PROBLEM REQUIREMENTS -
Copy all lines containing the string "rule" from the records below.

Saved data entries:
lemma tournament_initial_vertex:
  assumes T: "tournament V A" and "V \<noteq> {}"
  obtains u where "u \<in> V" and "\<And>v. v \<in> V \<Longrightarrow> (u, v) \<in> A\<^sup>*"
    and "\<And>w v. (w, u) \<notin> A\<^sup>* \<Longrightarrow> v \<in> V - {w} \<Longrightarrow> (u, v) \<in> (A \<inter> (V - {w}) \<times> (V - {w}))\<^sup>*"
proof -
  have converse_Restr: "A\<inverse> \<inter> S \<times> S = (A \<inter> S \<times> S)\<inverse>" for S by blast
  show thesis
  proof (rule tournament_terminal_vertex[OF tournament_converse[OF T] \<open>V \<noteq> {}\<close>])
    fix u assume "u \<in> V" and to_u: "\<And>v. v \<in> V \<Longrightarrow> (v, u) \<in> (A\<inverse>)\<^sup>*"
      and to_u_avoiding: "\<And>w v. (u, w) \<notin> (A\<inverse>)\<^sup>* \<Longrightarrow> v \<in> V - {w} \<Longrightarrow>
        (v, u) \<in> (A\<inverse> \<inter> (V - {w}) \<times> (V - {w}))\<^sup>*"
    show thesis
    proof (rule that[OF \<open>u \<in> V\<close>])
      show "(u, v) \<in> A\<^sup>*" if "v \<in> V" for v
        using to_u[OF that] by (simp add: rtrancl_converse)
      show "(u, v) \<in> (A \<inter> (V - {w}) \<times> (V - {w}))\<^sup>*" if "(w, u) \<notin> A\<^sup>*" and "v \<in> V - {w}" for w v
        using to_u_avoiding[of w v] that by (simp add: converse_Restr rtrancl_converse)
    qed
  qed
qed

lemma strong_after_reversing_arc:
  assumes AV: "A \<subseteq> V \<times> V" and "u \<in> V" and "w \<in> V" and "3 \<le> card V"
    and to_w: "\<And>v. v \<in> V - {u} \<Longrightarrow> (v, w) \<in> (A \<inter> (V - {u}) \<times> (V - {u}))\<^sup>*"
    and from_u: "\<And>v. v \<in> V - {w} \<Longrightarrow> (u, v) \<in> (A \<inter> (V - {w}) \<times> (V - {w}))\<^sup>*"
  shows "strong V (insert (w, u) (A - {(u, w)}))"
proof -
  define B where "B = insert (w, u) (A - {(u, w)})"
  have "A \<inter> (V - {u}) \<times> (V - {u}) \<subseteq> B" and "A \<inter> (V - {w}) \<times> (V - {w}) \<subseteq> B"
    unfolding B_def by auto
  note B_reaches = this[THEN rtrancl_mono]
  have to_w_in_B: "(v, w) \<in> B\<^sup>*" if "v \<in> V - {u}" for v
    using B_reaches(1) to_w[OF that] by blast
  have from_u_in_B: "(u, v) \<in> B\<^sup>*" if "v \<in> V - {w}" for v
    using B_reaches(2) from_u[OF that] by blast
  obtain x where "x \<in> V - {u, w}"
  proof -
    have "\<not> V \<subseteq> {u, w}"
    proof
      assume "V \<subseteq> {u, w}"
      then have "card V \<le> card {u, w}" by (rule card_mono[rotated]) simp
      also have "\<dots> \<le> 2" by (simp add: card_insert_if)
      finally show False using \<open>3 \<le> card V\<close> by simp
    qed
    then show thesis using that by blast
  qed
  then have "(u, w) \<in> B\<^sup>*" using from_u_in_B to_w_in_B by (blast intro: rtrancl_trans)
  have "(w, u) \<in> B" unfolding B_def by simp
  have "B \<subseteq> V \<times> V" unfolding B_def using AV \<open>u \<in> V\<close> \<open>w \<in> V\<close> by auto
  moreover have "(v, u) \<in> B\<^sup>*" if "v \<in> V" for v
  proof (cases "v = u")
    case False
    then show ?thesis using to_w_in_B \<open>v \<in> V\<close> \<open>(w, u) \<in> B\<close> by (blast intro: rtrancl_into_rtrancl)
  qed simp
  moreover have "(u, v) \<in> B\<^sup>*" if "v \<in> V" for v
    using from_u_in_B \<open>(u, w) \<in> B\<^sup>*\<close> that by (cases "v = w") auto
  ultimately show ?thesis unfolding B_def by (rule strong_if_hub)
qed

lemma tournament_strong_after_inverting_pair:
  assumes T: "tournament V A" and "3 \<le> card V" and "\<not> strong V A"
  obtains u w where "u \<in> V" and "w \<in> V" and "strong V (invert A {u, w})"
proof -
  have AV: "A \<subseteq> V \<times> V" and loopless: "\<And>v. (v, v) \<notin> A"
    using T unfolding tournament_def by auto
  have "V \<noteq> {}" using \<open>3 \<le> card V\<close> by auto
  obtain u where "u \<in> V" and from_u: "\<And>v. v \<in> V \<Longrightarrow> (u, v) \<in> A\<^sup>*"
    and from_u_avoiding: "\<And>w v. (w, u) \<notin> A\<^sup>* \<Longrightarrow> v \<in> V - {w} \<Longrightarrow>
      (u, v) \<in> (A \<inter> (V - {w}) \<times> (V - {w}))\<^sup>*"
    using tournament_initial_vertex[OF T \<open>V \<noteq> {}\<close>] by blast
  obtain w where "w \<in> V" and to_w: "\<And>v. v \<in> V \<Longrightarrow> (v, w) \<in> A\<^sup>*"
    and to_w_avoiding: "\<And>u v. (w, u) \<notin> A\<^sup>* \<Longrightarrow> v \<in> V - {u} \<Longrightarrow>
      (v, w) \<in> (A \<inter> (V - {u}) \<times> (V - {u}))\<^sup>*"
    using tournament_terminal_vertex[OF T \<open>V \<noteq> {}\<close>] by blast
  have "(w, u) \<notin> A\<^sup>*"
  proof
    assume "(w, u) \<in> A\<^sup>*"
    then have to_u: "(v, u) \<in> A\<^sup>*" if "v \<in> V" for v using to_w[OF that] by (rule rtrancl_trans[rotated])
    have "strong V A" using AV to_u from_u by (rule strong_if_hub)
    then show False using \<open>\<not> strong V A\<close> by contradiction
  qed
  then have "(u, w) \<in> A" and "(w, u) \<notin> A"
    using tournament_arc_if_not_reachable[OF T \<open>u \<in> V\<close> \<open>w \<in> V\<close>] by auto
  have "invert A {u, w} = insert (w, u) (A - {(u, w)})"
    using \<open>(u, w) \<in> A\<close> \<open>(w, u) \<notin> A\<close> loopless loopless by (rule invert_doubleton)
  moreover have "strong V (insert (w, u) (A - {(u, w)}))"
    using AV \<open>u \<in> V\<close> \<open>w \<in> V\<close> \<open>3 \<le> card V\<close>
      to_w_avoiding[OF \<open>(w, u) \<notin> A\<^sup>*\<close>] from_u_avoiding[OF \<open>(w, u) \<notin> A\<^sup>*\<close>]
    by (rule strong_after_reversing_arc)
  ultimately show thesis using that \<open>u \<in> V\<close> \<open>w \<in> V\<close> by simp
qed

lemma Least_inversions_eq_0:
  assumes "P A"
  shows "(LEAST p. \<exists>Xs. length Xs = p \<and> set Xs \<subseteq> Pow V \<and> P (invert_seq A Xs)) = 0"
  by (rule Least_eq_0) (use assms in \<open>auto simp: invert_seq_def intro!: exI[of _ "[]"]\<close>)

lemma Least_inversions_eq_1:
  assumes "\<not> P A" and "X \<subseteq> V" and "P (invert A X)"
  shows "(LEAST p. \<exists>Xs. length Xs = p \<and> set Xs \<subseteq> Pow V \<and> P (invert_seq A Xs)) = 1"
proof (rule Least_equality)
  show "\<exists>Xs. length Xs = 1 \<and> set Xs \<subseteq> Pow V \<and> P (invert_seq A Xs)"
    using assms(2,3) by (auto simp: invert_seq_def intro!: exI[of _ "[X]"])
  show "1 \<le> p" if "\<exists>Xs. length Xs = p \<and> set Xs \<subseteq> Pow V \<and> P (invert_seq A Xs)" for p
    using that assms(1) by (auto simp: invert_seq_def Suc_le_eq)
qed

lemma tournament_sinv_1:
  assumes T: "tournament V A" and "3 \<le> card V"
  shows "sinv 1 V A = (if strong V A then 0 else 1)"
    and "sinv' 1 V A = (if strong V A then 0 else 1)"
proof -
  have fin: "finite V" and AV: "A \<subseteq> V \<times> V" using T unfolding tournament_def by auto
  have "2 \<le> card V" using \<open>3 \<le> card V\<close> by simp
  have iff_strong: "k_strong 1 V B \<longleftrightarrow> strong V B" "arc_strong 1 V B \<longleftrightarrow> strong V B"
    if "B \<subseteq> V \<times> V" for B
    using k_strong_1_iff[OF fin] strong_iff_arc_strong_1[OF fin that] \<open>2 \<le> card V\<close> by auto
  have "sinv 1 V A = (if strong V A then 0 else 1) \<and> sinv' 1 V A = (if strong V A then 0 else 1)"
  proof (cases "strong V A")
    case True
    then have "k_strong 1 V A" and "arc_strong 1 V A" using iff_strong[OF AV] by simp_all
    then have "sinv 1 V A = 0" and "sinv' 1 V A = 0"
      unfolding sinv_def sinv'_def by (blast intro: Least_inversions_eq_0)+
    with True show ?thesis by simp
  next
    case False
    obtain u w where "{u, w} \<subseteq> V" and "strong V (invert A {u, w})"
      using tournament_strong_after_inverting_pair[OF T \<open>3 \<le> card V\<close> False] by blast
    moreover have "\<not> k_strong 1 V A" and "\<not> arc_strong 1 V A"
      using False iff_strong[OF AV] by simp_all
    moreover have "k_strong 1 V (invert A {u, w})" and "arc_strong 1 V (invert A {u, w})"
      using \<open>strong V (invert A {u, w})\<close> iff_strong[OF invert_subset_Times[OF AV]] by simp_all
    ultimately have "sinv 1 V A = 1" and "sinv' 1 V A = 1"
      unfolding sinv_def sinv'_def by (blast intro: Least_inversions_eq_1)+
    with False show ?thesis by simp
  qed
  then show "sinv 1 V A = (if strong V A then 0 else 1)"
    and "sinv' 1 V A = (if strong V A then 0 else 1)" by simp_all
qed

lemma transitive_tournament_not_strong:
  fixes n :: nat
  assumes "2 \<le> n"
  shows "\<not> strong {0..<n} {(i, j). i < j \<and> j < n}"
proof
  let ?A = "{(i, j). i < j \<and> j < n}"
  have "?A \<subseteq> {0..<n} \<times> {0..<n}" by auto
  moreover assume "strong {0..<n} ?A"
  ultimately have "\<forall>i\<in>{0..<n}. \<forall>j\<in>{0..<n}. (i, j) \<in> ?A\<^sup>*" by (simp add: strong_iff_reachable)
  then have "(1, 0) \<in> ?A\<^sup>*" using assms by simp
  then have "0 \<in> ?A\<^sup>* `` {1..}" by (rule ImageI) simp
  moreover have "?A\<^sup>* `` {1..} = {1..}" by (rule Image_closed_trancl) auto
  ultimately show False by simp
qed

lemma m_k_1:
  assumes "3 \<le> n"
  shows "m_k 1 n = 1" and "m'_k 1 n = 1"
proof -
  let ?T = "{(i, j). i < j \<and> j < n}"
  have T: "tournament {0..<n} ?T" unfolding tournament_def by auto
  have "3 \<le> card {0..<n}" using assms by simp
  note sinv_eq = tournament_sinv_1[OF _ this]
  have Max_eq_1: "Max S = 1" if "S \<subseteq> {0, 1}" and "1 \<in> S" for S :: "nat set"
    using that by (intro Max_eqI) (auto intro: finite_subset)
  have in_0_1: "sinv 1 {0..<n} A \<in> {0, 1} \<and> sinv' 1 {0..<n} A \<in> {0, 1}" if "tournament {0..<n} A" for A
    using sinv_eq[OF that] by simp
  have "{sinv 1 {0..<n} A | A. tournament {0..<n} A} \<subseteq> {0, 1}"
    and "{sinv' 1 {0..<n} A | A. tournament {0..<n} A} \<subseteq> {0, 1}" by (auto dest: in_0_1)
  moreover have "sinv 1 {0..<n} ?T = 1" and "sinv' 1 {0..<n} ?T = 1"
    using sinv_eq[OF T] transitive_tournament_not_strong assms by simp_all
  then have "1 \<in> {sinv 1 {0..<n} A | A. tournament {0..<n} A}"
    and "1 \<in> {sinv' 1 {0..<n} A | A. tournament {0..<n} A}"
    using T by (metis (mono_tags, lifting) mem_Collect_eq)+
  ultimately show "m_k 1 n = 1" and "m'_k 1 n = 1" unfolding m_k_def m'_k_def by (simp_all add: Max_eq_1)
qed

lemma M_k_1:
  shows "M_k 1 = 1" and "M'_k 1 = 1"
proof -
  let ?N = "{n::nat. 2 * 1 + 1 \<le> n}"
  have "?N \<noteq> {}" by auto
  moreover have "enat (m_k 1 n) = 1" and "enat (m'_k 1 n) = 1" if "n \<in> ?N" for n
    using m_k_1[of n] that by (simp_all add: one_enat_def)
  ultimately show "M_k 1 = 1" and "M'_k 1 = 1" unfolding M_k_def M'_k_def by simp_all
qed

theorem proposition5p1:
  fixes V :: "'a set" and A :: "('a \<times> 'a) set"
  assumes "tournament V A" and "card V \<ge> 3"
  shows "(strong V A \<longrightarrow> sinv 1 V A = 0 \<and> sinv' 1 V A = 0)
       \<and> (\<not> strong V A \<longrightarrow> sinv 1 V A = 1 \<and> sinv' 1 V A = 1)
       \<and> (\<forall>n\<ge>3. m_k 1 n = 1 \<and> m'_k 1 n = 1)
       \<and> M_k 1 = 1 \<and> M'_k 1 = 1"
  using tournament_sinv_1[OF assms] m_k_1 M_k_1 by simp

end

SOLUTION -
  proof (rule tournament_terminal_vertex[OF tournament_converse[OF T] \<open>V \<noteq> {}\<close>])
    proof (rule that[OF \<open>u \<in> V\<close>])
      then have "card V \<le> card {u, w}" by (rule card_mono[rotated]) simp
  ultimately show ?thesis unfolding B_def by (rule strong_if_hub)
    then have to_u: "(v, u) \<in> A\<^sup>*" if "v \<in> V" for v using to_w[OF that] by (rule rtrancl_trans[rotated])
    have "strong V A" using AV to_u from_u by (rule strong_if_hub)
    using \<open>(u, w) \<in> A\<close> \<open>(w, u) \<notin> A\<close> loopless loopless by (rule invert_doubleton)
    by (rule strong_after_reversing_arc)
  by (rule Least_eq_0) (use assms in \<open>auto simp: invert_seq_def intro!: exI[of _ "[]"]\<close>)
proof (rule Least_equality)
  then have "0 \<in> ?A\<^sup>* `` {1..}" by (rule ImageI) simp
  moreover have "?A\<^sup>* `` {1..} = {1..}" by (rule Image_closed_trancl) auto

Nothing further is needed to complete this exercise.